Physical characteristics
- Source: Bullrun Rock
- • location: Monument Rock Wilderness, Wallowa–Whitman National Forest, Baker County, Blue Mountains
- • coordinates: 44°20′02″N 118°19′47″W﻿ / ﻿44.33389°N 118.32972°W
- • elevation: 7,138 ft (2,176 m)
- Mouth: North Fork Malheur River
- • location: Horse Flat, Harney County
- • coordinates: 44°01′08″N 118°15′32″W﻿ / ﻿44.01889°N 118.25889°W
- • elevation: 3,678 ft (1,121 m)
- Length: 31 mi (50 km)
- Basin size: 135 sq mi (350 km^{2})
- • average: 18 cu ft/s (0.51 m^{3}/s)

= Little Malheur River =

The Little Malheur River is a 31 mi tributary of the North Fork Malheur River in the eastern part of the U.S. state of Oregon.
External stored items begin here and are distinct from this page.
(* Under the hypotheses of the one-step equivalence result (with $ev$, $rb$, $su=ev$, $hy$ as defined there), $hy$ absorbs $ev$: $hy\circ ev = hy$ as partial functions on terms.
   Context: Terms: $\Lambda ::= x\mid\lambda x.\Lambda\mid\Lambda\Lambda$; $[N/x]B$ is capture-avoiding substitution. An evaluator is a partial function $\Lambda\rightharpoonup\Lambda$ defined by inference rules, undefined where no finite derivation exists; $\mathrm{id}$ is the identity; composition is undefined where the inner evaluator is. Eval-apply template: given evaluators $la,op_1,ar_1,op_2,ar_2$ (possibly $ea$ itself), $ea$ is defined by (var) $ea(x)=x$; (abs) $ea(\lambda x.B)=\lambda x.B'$ if $la(B)=B'$; (con) $ea(MN)=B'$ if $op_1(M)=\lambda x.B$, $ar_1(N)=N'$, $ea([N'/x]B)=B'$; (neu) $ea(MN)=M''N'$ if $op_1(M)=M'$, $M'$ not an abstraction, $op_2(M')=M''$, $ar_2(N)=N'$. $ev$ is a uniform evaluator: $op_1=ev$, $op_2=\mathrm{id}$, $la=la_e$, $ar_1=ar1_e$, $ar_2=ar2_e$ with each in $\{\mathrm{id},ev\}$. Readback: $rb(x)=x$; $rb(\lambda x.B)=\lambda x.B'$ if $la_r(B)=B'$; $rb(MN)=M'N'$ if $rb(M)=M'$, $ar2_r(N)=N'$, subject to: for $p\in\{la,ar2\}$, $p_r\in\{\mathrm{id},ev,rb\circ ev\}$ if $p_e=\mathrm{id}$ and $p_r\in\{\mathrm{id},rb\}$ if $p_e=ev$; at least one of $la_r,ar2_r$ is in $\{ev, rb\circ ev\}$ and at least one is in $\{rb, rb\circ ev\}$. $su:=ev$ and $hy$ is the template instance with $op_1=su$, $ar_1=ar1_e$, $op_2=hy$, $la=la_h$, $ar_2=ar2_h$ where for $p\in\{la,ar2\}$: $p_h=\mathrm{id}$ if $p_r=p_e=\mathrm{id}$; $p_h=su$ if $(p_r,p_e)\in\{(\mathrm{id},ev),(ev,\mathrm{id})\}$; $p_h=hy$ if $p_r\in\{rb, rb\circ ev\}$. A strategy $st_2$ absorbs $st_1$ iff $st_2\circ st_1=st_2$. *)

theory Defs
  imports Main
begin

section \<open>Lambda terms (de Bruijn representation, i.e. terms up to alpha-conversion)\<close>

datatype dB = Var nat | App dB dB | Abs dB

primrec lift :: "dB \<Rightarrow> nat \<Rightarrow> dB" where
  "lift (Var i) k = (if i < k then Var i else Var (Suc i))"
| "lift (App s t) k = App (lift s k) (lift t k)"
| "lift (Abs s) k = Abs (lift s (Suc k))"

primrec subst :: "dB \<Rightarrow> dB \<Rightarrow> nat \<Rightarrow> dB" where
  "subst (Var i) s k = (if k < i then Var (i - 1) else if i = k then s else Var i)"
| "subst (App t u) s k = App (subst t s k) (subst u s k)"
| "subst (Abs t) s k = Abs (subst t (lift s 0) (Suc k))"

text \<open>[N/x]B for a body B of an abstraction: subst B N 0.\<close>

fun is_abs :: "dB \<Rightarrow> bool" where
  "is_abs (Abs _) = True"
| "is_abs _ = False"

datatype choice = Id | Ev

definition apc :: "choice \<Rightarrow> (dB \<Rightarrow> dB \<Rightarrow> bool) \<Rightarrow> dB \<Rightarrow> dB \<Rightarrow> bool" where
  "apc c R t t' = (case c of Id \<Rightarrow> t' = t | Ev \<Rightarrow> R t t')"

lemma apc_mono[mono]: "(\<And>x y. R x y \<longrightarrow> S x y) \<Longrightarrow> apc c R t t' \<longrightarrow> apc c S t t'"
  by (cases c) (auto simp: apc_def)

datatype rchoice = RId | REv | RRbEv | RRb

definition rapp :: "rchoice \<Rightarrow> (dB \<Rightarrow> dB \<Rightarrow> bool) \<Rightarrow> (dB \<Rightarrow> dB \<Rightarrow> bool) \<Rightarrow> dB \<Rightarrow> dB \<Rightarrow> bool" where
  "rapp c E R t t' = (case c of RId \<Rightarrow> t' = t | REv \<Rightarrow> E t t'
      | RRbEv \<Rightarrow> (\<exists>u. E t u \<and> R u t') | RRb \<Rightarrow> R t t')"

lemma rapp_mono[mono]: "(\<And>x y. R x y \<longrightarrow> S x y) \<Longrightarrow> rapp c E R t t' \<longrightarrow> rapp c E S t t'"
  by (cases c) (auto simp: rapp_def)

datatype hchoice = HId | HSu | HHy

definition happ :: "hchoice \<Rightarrow> (dB \<Rightarrow> dB \<Rightarrow> bool) \<Rightarrow> (dB \<Rightarrow> dB \<Rightarrow> bool) \<Rightarrow> dB \<Rightarrow> dB \<Rightarrow> bool" where
  "happ c S H t t' = (case c of HId \<Rightarrow> t' = t | HSu \<Rightarrow> S t t' | HHy \<Rightarrow> H t t')"

lemma happ_mono[mono]: "(\<And>x y. R x y \<longrightarrow> S x y) \<Longrightarrow> happ c E R t t' \<longrightarrow> happ c E S t t'"
  by (cases c) (auto simp: happ_def)

text \<open>p_h from (p_r, p_e). The combinations not listed in the paper are excluded
  by the readback constraints; they are given an arbitrary value here.\<close>
fun hch :: "rchoice \<Rightarrow> choice \<Rightarrow> hchoice" where
  "hch RId Id = HId"
| "hch RId Ev = HSu"
| "hch REv Id = HSu"
| "hch RRb _ = HHy"
| "hch RRbEv _ = HHy"
| "hch REv Ev = HId"

section \<open>Evaluators as (functional) relations: R t t' means the evaluator maps t to t'\<close>

text \<open>Uniform evaluator ev (eval-apply template with op1 = ev, op2 = id).\<close>
inductive ev :: "choice \<Rightarrow> choice \<Rightarrow> choice \<Rightarrow> dB \<Rightarrow> dB \<Rightarrow> bool"
  for lae ar1e ar2e where
  ev_var: "ev lae ar1e ar2e (Var i) (Var i)"
| ev_abs: "apc lae (ev lae ar1e ar2e) B B' \<Longrightarrow> ev lae ar1e ar2e (Abs B) (Abs B')"
| ev_con: "ev lae ar1e ar2e M (Abs B) \<Longrightarrow> apc ar1e (ev lae ar1e ar2e) N N' \<Longrightarrow>
           ev lae ar1e ar2e (subst B N' 0) B' \<Longrightarrow> ev lae ar1e ar2e (App M N) B'"
| ev_neu: "ev lae ar1e ar2e M M' \<Longrightarrow> \<not> is_abs M' \<Longrightarrow> apc ar2e (ev lae ar1e ar2e) N N' \<Longrightarrow>
           ev lae ar1e ar2e (App M N) (App M' N')"

text \<open>Readback rb (not needed for the statement itself, given for completeness).\<close>
inductive rb :: "choice \<Rightarrow> choice \<Rightarrow> choice \<Rightarrow> rchoice \<Rightarrow> rchoice \<Rightarrow> dB \<Rightarrow> dB \<Rightarrow> bool"
  for lae ar1e ar2e lar ar2r where
  rb_var: "rb lae ar1e ar2e lar ar2r (Var i) (Var i)"
| rb_abs: "rapp lar (ev lae ar1e ar2e) (rb lae ar1e ar2e lar ar2r) B B' \<Longrightarrow>
           rb lae ar1e ar2e lar ar2r (Abs B) (Abs B')"
| rb_app: "rb lae ar1e ar2e lar ar2r M M' \<Longrightarrow>
           rapp ar2r (ev lae ar1e ar2e) (rb lae ar1e ar2e lar ar2r) N N' \<Longrightarrow>
           rb lae ar1e ar2e lar ar2r (App M N) (App M' N')"

text \<open>Hybrid evaluator hy: op1 = su = ev, ar1 = ar1_e, op2 = hy, la = la_h, ar2 = ar2_h.\<close>
inductive hy :: "choice \<Rightarrow> choice \<Rightarrow> choice \<Rightarrow> hchoice \<Rightarrow> hchoice \<Rightarrow> dB \<Rightarrow> dB \<Rightarrow> bool"
  for lae ar1e ar2e lah ar2h where
  hy_var: "hy lae ar1e ar2e lah ar2h (Var i) (Var i)"
| hy_abs: "happ lah (ev lae ar1e ar2e) (hy lae ar1e ar2e lah ar2h) B B' \<Longrightarrow>
           hy lae ar1e ar2e lah ar2h (Abs B) (Abs B')"
| hy_con: "ev lae ar1e ar2e M (Abs B) \<Longrightarrow> apc ar1e (ev lae ar1e ar2e) N N' \<Longrightarrow>
           hy lae ar1e ar2e lah ar2h (subst B N' 0) B' \<Longrightarrow> hy lae ar1e ar2e lah ar2h (App M N) B'"
| hy_neu: "ev lae ar1e ar2e M M' \<Longrightarrow> \<not> is_abs M' \<Longrightarrow> hy lae ar1e ar2e lah ar2h M' M'' \<Longrightarrow>
           happ ar2h (ev lae ar1e ar2e) (hy lae ar1e ar2e lah ar2h) N N' \<Longrightarrow>
           hy lae ar1e ar2e lah ar2h (App M N) (App M'' N')"

definition rb_ok :: "choice \<Rightarrow> choice \<Rightarrow> rchoice \<Rightarrow> rchoice \<Rightarrow> bool" where
  "rb_ok lae ar2e lar ar2r \<longleftrightarrow>
     (lae = Id \<longrightarrow> lar \<in> {RId, REv, RRbEv}) \<and> (lae = Ev \<longrightarrow> lar \<in> {RId, RRb}) \<and>
     (ar2e = Id \<longrightarrow> ar2r \<in> {RId, REv, RRbEv}) \<and> (ar2e = Ev \<longrightarrow> ar2r \<in> {RId, RRb}) \<and>
     (lar \<in> {REv, RRbEv} \<or> ar2r \<in> {REv, RRbEv}) \<and>
     (lar \<in> {RRb, RRbEv} \<or> ar2r \<in> {RRb, RRbEv})"

end

theory Submission
  imports Defs
begin

text \<open>ev is deterministic and every result of ev is a fixed point of ev, so ev is
  transitive.  At each position where ev evaluates, hy applies either su = ev, which then
  absorbs the preceding ev by transitivity, or hy itself, which absorbs it by induction.
  Conversely, a derivation of hy performs ev at all positions where ev evaluates, so it
  factors through ev.  The side conditions on readback serve only to guarantee that hy
  never uses id where ev evaluates.\<close>

lemma ev_right_unique: "ev lae ar1e ar2e t u \<Longrightarrow> ev lae ar1e ar2e t u' \<Longrightarrow> u' = u"
proof (induction arbitrary: u' rule: ev.induct)
  case (ev_var i)
  then show ?case by (cases rule: ev.cases) auto
next
  case (ev_abs B B')
  from ev_abs.prems obtain B2 where "u' = Abs B2" "apc lae (ev lae ar1e ar2e) B B2"
    by (cases rule: ev.cases) auto
  with ev_abs.IH show ?case by (cases lae) (auto simp: apc_def)
next
  case (ev_con M B N N' B')
  from ev_con.prems show ?case
  proof (cases rule: ev.cases)
    case (ev_con B2 N2)
    with ev_con.IH(1,2) have "B2 = B" "N2 = N'"
      by (auto simp: apc_def split: choice.splits)
    with ev_con ev_con.IH(3) show ?thesis by auto
  next
    case (ev_neu M' N2)
    with ev_con.IH(1) have "M' = Abs B" by blast
    with ev_neu show ?thesis by simp
  qed
next
  case (ev_neu M M' N N')
  from ev_neu.prems show ?case
  proof (cases rule: ev.cases)
    case (ev_con B2 N2)
    with ev_neu.IH(1) have "Abs B2 = M'" by blast
    with ev_neu.hyps(2) show ?thesis by auto
  next
    case (ev_neu M2 N2)
    with ev_neu.IH have "M2 = M'" "N2 = N'"
      by (auto simp: apc_def split: choice.splits)
    with ev_neu show ?thesis by simp
  qed
qed

lemma ev_result_fixpoint: "ev lae ar1e ar2e t u \<Longrightarrow> ev lae ar1e ar2e u u"
proof (induction rule: ev.induct)
  case (ev_abs B B')
  then show ?case by (cases lae) (auto simp: apc_def intro: ev.ev_abs)
next
  case (ev_neu M M' N N')
  then have "apc ar2e (ev lae ar1e ar2e) N' N'" by (cases ar2e) (auto simp: apc_def)
  with ev_neu show ?case by (blast intro: ev.ev_neu)
qed (auto intro: ev.intros)

lemma transp_ev: "transp (ev lae ar1e ar2e)"
  by (rule transpI) (metis ev_result_fixpoint ev_right_unique)

definition hy_covers :: "choice \<Rightarrow> hchoice \<Rightarrow> bool" where
  "hy_covers c h \<longleftrightarrow> (c = Ev \<longrightarrow> h \<noteq> HId)"

lemma rb_ok_hy_covers:
  assumes "rb_ok lae ar2e lar ar2r"
  shows "hy_covers lae (hch lar lae)" and "hy_covers ar2e (hch ar2r ar2e)"
proof -
  show "hy_covers lae (hch lar lae)"
    using assms by (cases lar; cases lae) (simp_all add: rb_ok_def hy_covers_def)
  show "hy_covers ar2e (hch ar2r ar2e)"
    using assms by (cases ar2r; cases ar2e) (simp_all add: rb_ok_def hy_covers_def)
qed

lemma happ_after_apc:
  assumes "transp E" and "hy_covers c h" and E: "apc c E N N'"
    and H_absorbs: "c = Ev \<Longrightarrow> H N' N'' \<Longrightarrow> H N N''" and H: "happ h E H N' N''"
  shows "happ h E H N N''"
proof (cases c)
  case Id
  with E H show ?thesis by (simp add: apc_def)
next
  case Ev
  with E have "E N N'" by (simp add: apc_def)
  with Ev H H_absorbs \<open>transp E\<close> \<open>hy_covers c h\<close> show ?thesis
    by (cases h) (auto simp: happ_def hy_covers_def dest: transpD)
qed

lemma happ_factors_through_apc:
  assumes E_fix: "E N N'' \<Longrightarrow> E N'' N''"
    and "hy_covers c h" and H: "happ h E H N N''"
    and H_factors: "h = HHy \<Longrightarrow> \<exists>w. E N w \<and> H w N''"
  shows "\<exists>N'. apc c E N N' \<and> happ h E H N' N''"
proof (cases c)
  case Id
  with H show ?thesis by (simp add: apc_def)
next
  case Ev
  show ?thesis
  proof (cases h)
    case HSu
    with Ev H E_fix show ?thesis by (auto simp: apc_def happ_def)
  next
    case HHy
    with Ev H_factors show ?thesis by (auto simp: apc_def happ_def)
  qed (use Ev \<open>hy_covers c h\<close> in \<open>simp add: hy_covers_def\<close>)
qed

context
  fixes lae ar1e ar2e :: choice and lah ar2h :: hchoice
  assumes covers_la: "hy_covers lae lah" and covers_ar2: "hy_covers ar2e ar2h"
begin

private abbreviation (input) E where "E \<equiv> ev lae ar1e ar2e"
private abbreviation (input) H where "H \<equiv> hy lae ar1e ar2e lah ar2h"

lemma hy_absorbs_ev: "E t u \<Longrightarrow> H u v \<Longrightarrow> H t v"
proof (induction arbitrary: v rule: ev.induct)
  case (ev_var i)
  then show ?case .
next
  case (ev_abs B B')
  from ev_abs.prems obtain B'' where v: "v = Abs B''" and body: "happ lah E H B' B''"
    by (cases rule: hy.cases) auto
  from ev_abs.IH have "apc lae E B B'" and "lae = Ev \<Longrightarrow> H B' B'' \<Longrightarrow> H B B''"
    by (auto simp: apc_def split: choice.splits)
  then have "happ lah E H B B''"
    using body by (rule happ_after_apc[OF transp_ev covers_la])
  with v show ?case by (simp add: hy.hy_abs)
next
  case (ev_con M B N N' B')
  from ev_con.IH(2) have "apc ar1e E N N'"
    by (cases ar1e) (simp_all add: apc_def)
  from ev_con.hyps(1) this ev_con.IH(3)[OF ev_con.prems] show ?case
    by (rule hy.hy_con)
next
  case (ev_neu M M' N N')
  have "E M' M'" using ev_neu.hyps(1) by (rule ev_result_fixpoint)
  from ev_neu.prems show ?case
  proof (cases rule: hy.cases)
    case (hy_con B N2)
    with \<open>E M' M'\<close> have "M' = Abs B" by (blast dest: ev_right_unique)
    with ev_neu.hyps(2) show ?thesis by simp
  next
    case (hy_neu M1 M'' N'')
    with \<open>E M' M'\<close> have "M1 = M'" by (blast dest: ev_right_unique)
    from ev_neu.IH(2) have "apc ar2e E N N'" and "ar2e = Ev \<Longrightarrow> H N' N'' \<Longrightarrow> H N N''"
      by (auto simp: apc_def split: choice.splits)
    moreover from hy_neu have "happ ar2h E H N' N''" by simp
    ultimately have "happ ar2h E H N N''"
      by (rule happ_after_apc[OF transp_ev covers_ar2])
    with hy_neu \<open>M1 = M'\<close> ev_neu.hyps(1,2) show ?thesis
      by (auto intro: hy.hy_neu)
  qed
qed

lemma hy_factors_through_ev: "H t v \<Longrightarrow> \<exists>u. E t u \<and> H u v"
proof (induction rule: hy.induct)
  case (hy_var i)
  then show ?case by (auto intro: ev.ev_var hy.hy_var)
next
  case (hy_abs B B')
  from hy_abs.IH have body: "happ lah E H B B'" and "lah = HHy \<Longrightarrow> \<exists>w. E B w \<and> H w B'"
    by (auto simp: happ_def split: hchoice.splits)
  from happ_factors_through_apc[OF _ covers_la body this(2)]
  obtain B0 where "apc lae E B B0" "happ lah E H B0 B'"
    by (blast dest: ev_result_fixpoint)
  then show ?case by (blast intro: ev.ev_abs hy.hy_abs)
next
  case (hy_con M B N N' B')
  then obtain w where "E (subst B N' 0) w" "H w B'" by blast
  with hy_con.hyps(1,2) show ?case by (blast intro: ev.ev_con)
next
  case (hy_neu M M' M'' N N')
  from hy_neu.IH(2) have arg: "happ ar2h E H N N'" and "ar2h = HHy \<Longrightarrow> \<exists>w. E N w \<and> H w N'"
    by (auto simp: happ_def split: hchoice.splits)
  from happ_factors_through_apc[OF _ covers_ar2 arg this(2)]
  obtain N0 where "apc ar2e E N N0" "happ ar2h E H N0 N'"
    by (blast dest: ev_result_fixpoint)
  moreover have "E M' M'" using hy_neu.hyps(1) by (rule ev_result_fixpoint)
  ultimately have "E (App M N) (App M' N0)" "H (App M' N0) (App M'' N')"
    using hy_neu.hyps by (auto intro: ev.ev_neu hy.hy_neu)
  then show ?case by blast
qed

lemma ev_OO_hy: "E OO H = H"
  using hy_absorbs_ev hy_factors_through_ev by (intro ext) blast

end

theorem mainTheorem11:
  assumes "rb_ok lae ar2e lar ar2r"
  shows "(ev lae ar1e ar2e) OO (hy lae ar1e ar2e (hch lar lae) (hch ar2r ar2e))
           = hy lae ar1e ar2e (hch lar lae) (hch ar2r ar2e)"
  using ev_OO_hy rb_ok_hy_covers[OF assms] .

end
Beginning on the flanks of Bullrun Rock in the Monument Rock Wilderness of the Blue Mountains, the river flows generally south through parts of two national forests, Wallowa–Whitman and Malheur to meet the North Fork at Horse Flat, north of Juntura. Despite its short length, it flows through parts of four counties, listed from source to mouth: Baker, Grant, Malheur, and Harney.

In 2002, fire burned much of the forest along the canyon of the upper river. The Little Malheur Trail, maintained by the United States Forest Service, follows the river for about 7 mi through the wildfire area.